Abdul Mannan: Acquired Haemophilia A after Tozinameran
Abdul Mannan, Consultant Haematologist at Betsi Cadwaladr University Health Board, shared a post on LinkedIn:
“An isolated prolonged aPTT in an older patient.
No prior bleeding.
No anticoagulation.
Think carefully before you move on.
A patient presents with sudden bruising. No bleeding history. No anticoagulants.
Then the aPTT comes back prolonged. Isolated. And it doesn’t correct on mixing.
This is Acquired Haemophilia A. And it can happen after tozinameran.
Here’s what every clinician needs to know:
- AHA is rare overall, around 1.5 cases per million per year
- After tozinameran (Pfizer Comirnaty), estimated rate is 1 case per 4 million doses
- Most cases occur after dose 2, median onset around 23 days
- Skin involvement in 24 out of 27 reported cases
- Mortality sits between 8 and 20%
The proposed mechanism is molecular mimicry between the SARS-CoV-2 spike protein and FVIII sequences, triggering autoantibody production.

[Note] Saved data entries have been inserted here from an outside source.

(* Let $p$ be a prime, $q=p^2$, for $a\in\mathbb{F}_q$ write $\bar a = a^p$, $N(a)=a^{p+1}$, let $Q = \{(a,b) \in \mathbb{F}_q^2 : N(a)+N(b)=1\}$ and for $x=(a,b)\in Q$ let $\ell_x = \{(a+t\bar b,\ b-t\bar a): t\in\mathbb{F}_q\}$. Define $$S' = \{(x,y) \in \mathbb{F}_q^2 \times \mathbb{F}_q^2 : x \in Q,\ y \in \ell_x\}.$$ Then $|S'| = q\,|Q|$, and $S'$ contains no three points of the form $(x,y),(x,y+d),(x+d,y')$ with $x,y,y' \in \mathbb{F}_q^2$ and $d \in \mathbb{F}_q^2\setminus\{0\}$. *)

theory Defs
  imports Main "HOL-Computational_Algebra.Primes" "HOL-Library.Product_Plus"
begin

definition fconj :: "nat \<Rightarrow> 'a::field \<Rightarrow> 'a" where
  "fconj p a = a ^ p"

definition fnorm :: "nat \<Rightarrow> 'a::field \<Rightarrow> 'a" where
  "fnorm p a = a ^ (p + 1)"

definition Qset :: "nat \<Rightarrow> ('a::field \<times> 'a) set" where
  "Qset p = {(a, b). fnorm p a + fnorm p b = 1}"

definition ell :: "nat \<Rightarrow> ('a::field \<times> 'a) \<Rightarrow> ('a \<times> 'a) set" where
  "ell p x = (case x of (a, b) \<Rightarrow>
      {(a + t * fconj p b, b - t * fconj p a) | t. True})"

definition Sprime :: "nat \<Rightarrow> (('a::field \<times> 'a) \<times> ('a \<times> 'a)) set" where
  "Sprime p = {(x, y). x \<in> Qset p \<and> y \<in> ell p x}"

end

theory Submission
  imports Defs "HOL-Number_Theory.Residues"
begin

text \<open>The line \<open>\<ell>\<^sub>x\<close> is \<open>x + \<bbbF>\<^sub>q (b\<^sup>p, -a\<^sup>p)\<close>, and along it the Hermitian norm
  \<open>N(a) + N(b)\<close> gets multiplied by \<open>1 + N(t)\<close>. Since \<open>N(t) = 0\<close> only for \<open>t = 0\<close>, the line
  \<open>\<ell>\<^sub>x\<close> meets \<open>Q\<close> only in \<open>x\<close>. A corner \<open>(x,y), (x,y+d), (x+d,y')\<close> would put \<open>x + d\<close> on
  \<open>\<ell>\<^sub>x\<close> (as \<open>d\<close> is a difference of two points of \<open>\<ell>\<^sub>x\<close>) and in \<open>Q\<close>, forcing \<open>d = 0\<close>.\<close>

lemma finite_field_power_card:
  fixes x :: "'a::{field,finite}"
  shows "x ^ card (UNIV :: 'a set) = x"
proof (cases "x = 0")
  case True
  then show ?thesis by (simp add: finite_UNIV_card_ge_0)
next
  case False
  let ?U = "UNIV - {0 :: 'a}"
  have "bij_betw ((*) x) ?U ?U"
    by (rule bij_betwI[where g = "\<lambda>y. y / x"]) (use False in auto)
  then have "(\<Prod>y\<in>?U. x * y) = \<Prod>?U"
    by (rule prod.reindex_bij_betw)
  then have "x ^ card ?U * \<Prod>?U = 1 * \<Prod>?U"
    by (simp add: prod.distrib)
  then have "x ^ card ?U = 1"
    by (subst (asm) mult_cancel_right) auto
  moreover have "card (UNIV :: 'a set) = Suc (card ?U)"
    using finite_UNIV_card_ge_0[where 'a = 'a] by (simp add: card_Diff_singleton)
  ultimately show ?thesis
    by (simp only: power_Suc mult_1_right)
qed

lemma CHAR_eq_prime_of_card_prime_power:
  assumes "prime p" and "n > 0" and "card (UNIV :: 'a::{field,finite} set) = p ^ n"
  shows "CHAR('a) = p"
proof -
  have "prime CHAR('a)"
    by (simp add: finite_imp_CHAR_pos prime_CHAR_semidom)
  moreover have "CHAR('a) dvd p ^ n"
    using CHAR_dvd_CARD[where 'a = 'a] assms(3) by simp
  ultimately show ?thesis
    using assms(1,2) prime_dvd_power primes_dvd_imp_eq by blast
qed

lemma fconj_mult: "fconj p (u * v) = fconj p u * fconj p v"
  by (simp add: fconj_def power_mult_distrib)

lemma fconj_add:
  assumes "prime p" and "CHAR('a::field) = p"
  shows "fconj p (u + v :: 'a) = fconj p u + fconj p v"
  unfolding fconj_def by (rule freshmans_dream) (use assms in auto)

lemma fconj_diff:
  assumes "prime p" and "CHAR('a::field) = p"
  shows "fconj p (u - v :: 'a) = fconj p u - fconj p v"
  using fconj_add[OF assms, of u "- v"] minus_power_prime_CHAR[OF assms(2)[symmetric] assms(1)]
  by (simp add: fconj_def)

lemma fconj_fconj:
  assumes "card (UNIV :: 'a::{field,finite} set) = p ^ 2"
  shows "fconj p (fconj p u :: 'a) = u"
proof -
  have "fconj p (fconj p u) = u ^ (p ^ 2)"
    by (simp add: fconj_def power2_eq_square power_mult)
  also have "\<dots> = u"
    using finite_field_power_card[of u] by (simp only: assms)
  finally show ?thesis .
qed

lemma fnorm_eq_fconj_mult: "fnorm p a = fconj p a * a"
  by (simp add: fnorm_def fconj_def)

lemma fnorm_eq_0_iff: "fnorm p a = 0 \<longleftrightarrow> a = 0"
  by (auto simp: fnorm_def)

lemma fnorm_along_ell:
  assumes "prime p" and "card (UNIV :: 'a::{field,finite} set) = p ^ 2"
  shows "fnorm p (a + t * fconj p b) + fnorm p (b - t * fconj p a)
           = (fnorm p a + fnorm p b) * (1 + fnorm p (t :: 'a))"
proof -
  have char: "CHAR('a) = p"
    using CHAR_eq_prime_of_card_prime_power[OF assms(1) _ assms(2)] by simp
  have conj_a: "fconj p (a + t * fconj p b) = fconj p a + fconj p t * b"
    by (simp add: fconj_add[OF assms(1) char] fconj_mult fconj_fconj[OF assms(2)])
  have conj_b: "fconj p (b - t * fconj p a) = fconj p b - fconj p t * a"
    by (simp add: fconj_diff[OF assms(1) char] fconj_mult fconj_fconj[OF assms(2)])
  have "fnorm p (a + t * fconj p b) + fnorm p (b - t * fconj p a)
      = (fconj p a + fconj p t * b) * (a + t * fconj p b)
        + (fconj p b - fconj p t * a) * (b - t * fconj p a)"
    unfolding fnorm_eq_fconj_mult conj_a conj_b ..
  also have "\<dots> = (fconj p a * a + fconj p b * b) * (1 + fconj p t * t)"
    by (simp add: algebra_simps)
  finally show ?thesis
    unfolding fnorm_eq_fconj_mult .
qed

lemma ell_eq_range: "ell p (a, b) = range (\<lambda>t. (a + t * fconj p b, b - t * fconj p a))"
  by (auto simp: ell_def)

lemma self_mem_ell: "x \<in> ell p x"
proof -
  obtain a b where x: "x = (a, b)" by fastforce
  have "(a, b) = (\<lambda>t. (a + t * fconj p b, b - t * fconj p a)) 0"
    by simp
  then show ?thesis
    unfolding x ell_eq_range by (rule range_eqI)
qed

lemma ell_add_chord:
  assumes "y \<in> ell p x" and "y + d \<in> ell p x"
  shows "x + d \<in> ell p x"
proof -
  obtain a b where x: "x = (a, b)" by fastforce
  obtain s t where "y = (a + s * fconj p b, b - s * fconj p a)"
    and "y + d = (a + t * fconj p b, b - t * fconj p a)"
    using assms unfolding x ell_eq_range by blast
  then have "x + d = (a + (t - s) * fconj p b, b - (t - s) * fconj p a)"
    unfolding x by (cases d) (auto simp: algebra_simps)
  then show ?thesis
    unfolding x ell_eq_range by blast
qed

lemma Qset_nonzero:
  assumes "x \<in> Qset p"
  shows "x \<noteq> 0"
  using assms by (auto simp: Qset_def fnorm_def zero_prod_def)

lemma card_ell:
  assumes "x \<noteq> 0"
  shows "card (ell p (x :: 'a::field \<times> 'a)) = card (UNIV :: 'a set)"
proof -
  obtain a b where x: "x = (a, b)" by fastforce
  have "inj (\<lambda>t. (a + t * fconj p b, b - t * fconj p a))"
  proof (rule injI)
    fix s t :: 'a
    assume "(a + s * fconj p b, b - s * fconj p a) = (a + t * fconj p b, b - t * fconj p a)"
    then have "(s - t) * fconj p b = 0" and "(s - t) * fconj p a = 0"
      by (auto simp: algebra_simps)
    then show "s = t"
      using assms unfolding x fconj_def zero_prod_def by auto
  qed
  then show ?thesis
    unfolding x ell_eq_range by (simp add: card_image)
qed

lemma Sprime_eq_Sigma: "Sprime p = (SIGMA x:Qset p. ell p x)"
  by (auto simp: Sprime_def)

lemma card_Sprime:
  "card (Sprime p :: (('a::{field,finite} \<times> 'a) \<times> ('a \<times> 'a)) set)
     = card (UNIV :: 'a set) * card (Qset p :: ('a \<times> 'a) set)"
  unfolding Sprime_eq_Sigma by (subst card_SigmaI) (auto simp: card_ell Qset_nonzero)

lemma ell_inter_Qset:
  assumes "prime p" and "card (UNIV :: 'a::{field,finite} set) = p ^ 2" and "x \<in> Qset p"
  shows "ell p x \<inter> Qset p = {x :: 'a \<times> 'a}"
proof (intro equalityI subsetI)
  fix z
  assume z: "z \<in> ell p x \<inter> Qset p"
  obtain a b where x: "x = (a, b)" by fastforce
  obtain t where z_eq: "z = (a + t * fconj p b, b - t * fconj p a)"
    using z unfolding x ell_eq_range by blast
  have "fnorm p (a + t * fconj p b) + fnorm p (b - t * fconj p a) = 1"
    using z by (simp add: z_eq Qset_def)
  moreover have "fnorm p a + fnorm p b = 1"
    using assms(3) by (simp add: x Qset_def)
  ultimately have "1 + fnorm p t = 1"
    using fnorm_along_ell[OF assms(1,2), of a t b] by simp
  then have "t = 0"
    by (simp add: fnorm_eq_0_iff)
  then show "z \<in> {x}"
    by (simp add: z_eq x)
next
  show "z \<in> ell p x \<inter> Qset p" if "z \<in> {x}" for z
    using that assms(3) self_mem_ell by blast
qed

theorem mainTheorem4:
  fixes p :: nat
  assumes "prime p"
    and "card (UNIV :: 'a::{field,finite} set) = p ^ 2"
  shows "card (Sprime p :: (('a \<times> 'a) \<times> ('a \<times> 'a)) set)
           = card (UNIV :: 'a set) * card (Qset p :: ('a \<times> 'a) set)
         \<and> \<not> (\<exists>x y y' d. d \<noteq> (0 :: 'a \<times> 'a)
               \<and> (x, y) \<in> Sprime p \<and> (x, y + d) \<in> Sprime p
               \<and> (x + d, y') \<in> Sprime p)"
proof (intro conjI notI card_Sprime)
  assume "\<exists>x y y' d. d \<noteq> (0 :: 'a \<times> 'a)
               \<and> (x, y) \<in> Sprime p \<and> (x, y + d) \<in> Sprime p
               \<and> (x + d, y') \<in> Sprime p"
  then obtain x y y' d :: "'a \<times> 'a" where "d \<noteq> 0" and "(x, y) \<in> Sprime p"
    and "(x, y + d) \<in> Sprime p" and "(x + d, y') \<in> Sprime p"
    by blast
  then have "x \<in> Qset p" and "y \<in> ell p x" and "y + d \<in> ell p x" and "x + d \<in> Qset p"
    by (simp_all add: Sprime_def)
  then have "x + d \<in> ell p x \<inter> Qset p"
    using ell_add_chord by blast
  then have "x + d = x"
    using ell_inter_Qset[OF assms \<open>x \<in> Qset p\<close>] by blast
  with \<open>d \<noteq> 0\<close> show False
    by simp
qed

end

Diagnosis rests on three things. Isolated prolonged aPTT. Low FVIII activity. Positive Bethesda assay.
Management runs on two parallel tracks. Stop the bleeding first with FEIBA, rFVIIa, or tranexamic acid. Then target the inhibitor with steroids, cyclophosphamide if refractory, or rituximab.
One more thing. Re-exposure warning is real. Two of four re-exposed patients worsened. One died.
Extreme caution before any further tozinameran dose if vaccine-associated AHA is confirmed. Specialist haemophilia review is needed.
This does not change the overall vaccine benefit-risk balance. But pharmacovigilance matters.
Report suspected adverse reactions through the Yellow Card system.
Have you seen an unexpected prolonged aPTT in a recently vaccinated patient?”